Move will help banks raise more money from the market, says Rajiv Takru
The Centre on Wednesday said it has allocated Rs 2,000 crore to State Bank of India and Rs 1,800 crore to IDBI Bank as part of its plan to infuse Rs 14,000 crore in fresh capital to 20 public sector banks.
“The capital infusion is done with the twin objective of adequately meeting the credit requirement of the productive sectors of the economy as well as to maintain regulatory capital adequacy ratios,” a Finance Ministry statement said.
This infusion will help banks raise more money from the market. “Banks can raise Rs 10,000 crore from the market against the Government’s Rs 14,000-crore infusion,” Rajiv Takru, Financial Services Secretary, told newspersons here. The Centre’s capital infusion plan covers almost all PSBs, with SBI getting the largest share.
The capital infusion will ensure that banks have 8 per cent Tier-1 capital (core capital consisting of equity capital and disclosed reserves) by the end of the current fiscal. Banks will allot preferential shares to the Centre in lieu of the capital infusion. Post-infusion, banks will be allowed to raise Tier-1 capital from the markets in proportion to the amount infused by the Centre. This will help maintain the Centre’s level of shareholding. Banks can take the Qualified Institutional Placement (QIP) or rights issue routes to do so.

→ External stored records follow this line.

lemma muckenhoupt_const_le:
  fixes \<nu> w :: "nat \<Rightarrow> real"
  assumes \<nu>_nonneg: "\<And>k. 0 \<le> \<nu> k" and w_pos: "\<And>k. 0 < w k"
    and bound: "\<And>n M. (\<Sum>j\<le>n. \<nu> j) * (\<Sum>k<M. 1 / w (k + n)) \<le> C"
  shows "muckenhoupt_const \<nu> w \<le> ennreal C"
  unfolding muckenhoupt_const_def
proof (rule SUP_least)
  fix n
  have "ennreal (\<Sum>j\<le>n. \<nu> j) * (\<Sum>k. ennreal (1 / w (k + n)))
      = (SUP M. ennreal (\<Sum>j\<le>n. \<nu> j) * (\<Sum>k<M. ennreal (1 / w (k + n))))"
    by (simp add: suminf_eq_SUP SUP_mult_left_ennreal)
  also have "\<dots> \<le> ennreal C"
  proof (rule SUP_least)
    fix M
    have "ennreal (\<Sum>j\<le>n. \<nu> j) * (\<Sum>k<M. ennreal (1 / w (k + n)))
        = ennreal ((\<Sum>j\<le>n. \<nu> j) * (\<Sum>k<M. 1 / w (k + n)))"
      using \<nu>_nonneg w_pos
      by (simp add: ennreal_mult sum_nonneg less_imp_le)
    also have "\<dots> \<le> ennreal C"
      by (rule ennreal_leI[OF bound])
    finally show "ennreal (\<Sum>j\<le>n. \<nu> j) * (\<Sum>k<M. ennreal (1 / w (k + n))) \<le> ennreal C" .
  qed
  finally show "ennreal (\<Sum>j\<le>n. \<nu> j) * (\<Sum>k. ennreal (1 / w (k + n))) \<le> ennreal C" .
qed

lemma muckenhoupt_const_finite:
  fixes \<nu> w :: "nat \<Rightarrow> real"
  assumes \<nu>_pos: "\<And>k. 0 < \<nu> k" and w_pos: "\<And>k. 0 < w k"
    and finite: "muckenhoupt_const \<nu> w = ennreal B" and "0 \<le> B"
  shows "summable (\<lambda>k. 1 / w k)"
    and "\<And>n. (\<Sum>j\<le>n. \<nu> j) * (\<Sum>k. 1 / w (k + n)) \<le> B"
proof -
  have V_pos: "0 < (\<Sum>j\<le>n. \<nu> j)" for n
    using \<nu>_pos by (intro sum_pos) auto
  have term_le: "ennreal (\<Sum>j\<le>n. \<nu> j) * (\<Sum>k. ennreal (1 / w (k + n))) \<le> ennreal B" for n
    unfolding finite[symmetric] muckenhoupt_const_def by (rule SUP_upper) simp
  have summable_tail: "summable (\<lambda>k. 1 / w (k + n))" for n
  proof (rule summable_suminf_not_top)
    show "0 \<le> 1 / w (k + n)" for k
      using w_pos[of "k + n"] by simp
    show "(\<Sum>k. ennreal (1 / w (k + n))) \<noteq> top"
      using term_le[of n] V_pos[of n] by (auto simp: ennreal_mult_eq_top_iff top_unique)
  qed
  show "summable (\<lambda>k. 1 / w k)"
    using summable_tail[of 0] by simp
  show "(\<Sum>j\<le>n. \<nu> j) * (\<Sum>k. 1 / w (k + n)) \<le> B" for n
  proof -
    have tail_nonneg: "0 \<le> (\<Sum>k. 1 / w (k + n))"
      using w_pos by (intro suminf_nonneg summable_tail) (simp add: less_imp_le)
    have "(\<Sum>k. ennreal (1 / w (k + n))) = ennreal (\<Sum>k. 1 / w (k + n))"
      using w_pos by (intro suminf_ennreal2 summable_tail) (simp add: less_imp_le)
    then have "ennreal ((\<Sum>j\<le>n. \<nu> j) * (\<Sum>k. 1 / w (k + n))) \<le> ennreal B"
      using term_le[of n] V_pos[of n] tail_nonneg by (simp add: ennreal_mult)
    then show ?thesis
      using \<open>0 \<le> B\<close> by (simp add: ennreal_le_iff)
  qed
qed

Since capital infusion will help expand the capital base, banks can use the expanded base to allocate fresh shares to qualified institutions and existing shareholders under the rights issue mechanism.
SBI has already said it would take a decision on raising funds through the QIP route within a month. Though it did not announce the amount to be raised, the capital infusion can help it raise Rs 1,500-1,700 crore.

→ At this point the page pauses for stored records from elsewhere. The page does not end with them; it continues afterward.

(* Fix $x_0\in(-2,2)$ and $0<\alpha<1$. Let $N\in\mathbb{N}$, $\eta_1,\dots,\eta_N\in\mathbb{C}$ with $\operatorname{Im}\eta_j>0$, $c_1,\dots,c_N\in\mathbb{R}$, $\lambda_j=x_0+\eta_j/n^\alpha$ and $\phi^{(n)}=\frac{1}{n^\alpha}\sum_{j=1}^Nc_ja_{\lambda_j}$. Then $$\lim_{n\to\infty}\operatorname{Tr}H(\phi^{(n)})H(\tilde\phi^{(n)})=-\frac12\sum_{i,j=1}^Nc_ic_j\operatorname{Re}\frac{1}{(\eta_i-\overline{\eta_j})^2},$$ uniformly for $c_j$ in compact subsets of $\mathbb{R}$ and $\eta_j$ in compact subsets of the upper half-plane.
   Context: $\omega(\lambda)=\frac{\lambda-\sqrt{\lambda^2-4}}{2}$ on $\mathbb{C}\setminus[-2,2]$, branch analytic there with $\omega(\lambda)=O(1/\lambda)$ at infinity. For $\operatorname{Im}\lambda>0$, $a_\lambda(z)=\sum_{j\in\mathbb{Z}}\operatorname{Im}\left(\frac{\omega(\lambda)^{|j|}}{\omega(\lambda)-\omega(\lambda)^{-1}}\right)z^j$. For a Laurent series $\phi=\sum\phi_kz^k$, $H(\phi)_{j,k}=\phi_{j+k-1}$ ($j,k\ge1$) is the Hankel matrix and $\tilde\phi(z)=\phi(1/z)$. *)

theory Defs
  imports "HOL-Analysis.Analysis"
begin

text \<open>omega(lambda) = (lambda - sqrt(lambda^2-4))/2, with the branch of the square root
  analytic on C minus [-2,2] and asymptotic to lambda at infinity:
  sqrt(lambda^2-4) = csqrt(lambda-2) * csqrt(lambda+2).\<close>
definition omega :: "complex \<Rightarrow> complex" where
  "omega l = (l - csqrt (l - 2) * csqrt (l + 2)) / 2"

text \<open>Laurent coefficients of a_lambda(z) = sum_j Im(omega^|j| / (omega - omega^-1)) z^j.\<close>
definition a_coeff :: "complex \<Rightarrow> int \<Rightarrow> real" where
  "a_coeff l j = Im (omega l ^ nat \<bar>j\<bar> / (omega l - inverse (omega l)))"

text \<open>Hankel matrix H(phi)_{j,k} = phi_{j+k-1}, j,k >= 1; here indexed 0-based:
  entry (j,k) with j,k :: nat corresponds to (j+1,k+1).\<close>
definition hankel :: "(int \<Rightarrow> real) \<Rightarrow> nat \<Rightarrow> nat \<Rightarrow> real" where
  "hankel phi j k = phi (int j + int k + 1)"

definition tilde :: "(int \<Rightarrow> real) \<Rightarrow> int \<Rightarrow> real" where
  "tilde phi k = phi (- k)"

definition trace_HH :: "(int \<Rightarrow> real) \<Rightarrow> (int \<Rightarrow> real) \<Rightarrow> real" where
  "trace_HH phi psi = (\<Sum>j. \<Sum>k. hankel phi j k * hankel psi k j)"

definition phi_n :: "real \<Rightarrow> real \<Rightarrow> nat \<Rightarrow> (nat \<Rightarrow> real) \<Rightarrow> (nat \<Rightarrow> complex) \<Rightarrow> nat \<Rightarrow> int \<Rightarrow> real" where
  "phi_n x0 \<alpha> N c \<eta> n k =
     (1 / real n powr \<alpha>) * (\<Sum>j<N. c j * a_coeff (complex_of_real x0 + \<eta> j / complex_of_real (real n powr \<alpha>)) k)"

end

theory Submission
  imports Defs
begin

The Finance Ministry also made it clear that any additional capital infusion would be done on the basis of banks’ performance under the concessional rate scheme.
It had announced last month that additional amount of capital will be provided to banks to enable them to lend to borrowers in sectors such as two-wheelers and consumer durables at lower rates in order to stimulate demand.
With the additional capital, the Ministry also expects higher profits which, in turn, will result in higher dividend payouts to the Government. Public sector banks together recorded around Rs 35,000 crore as profit last year.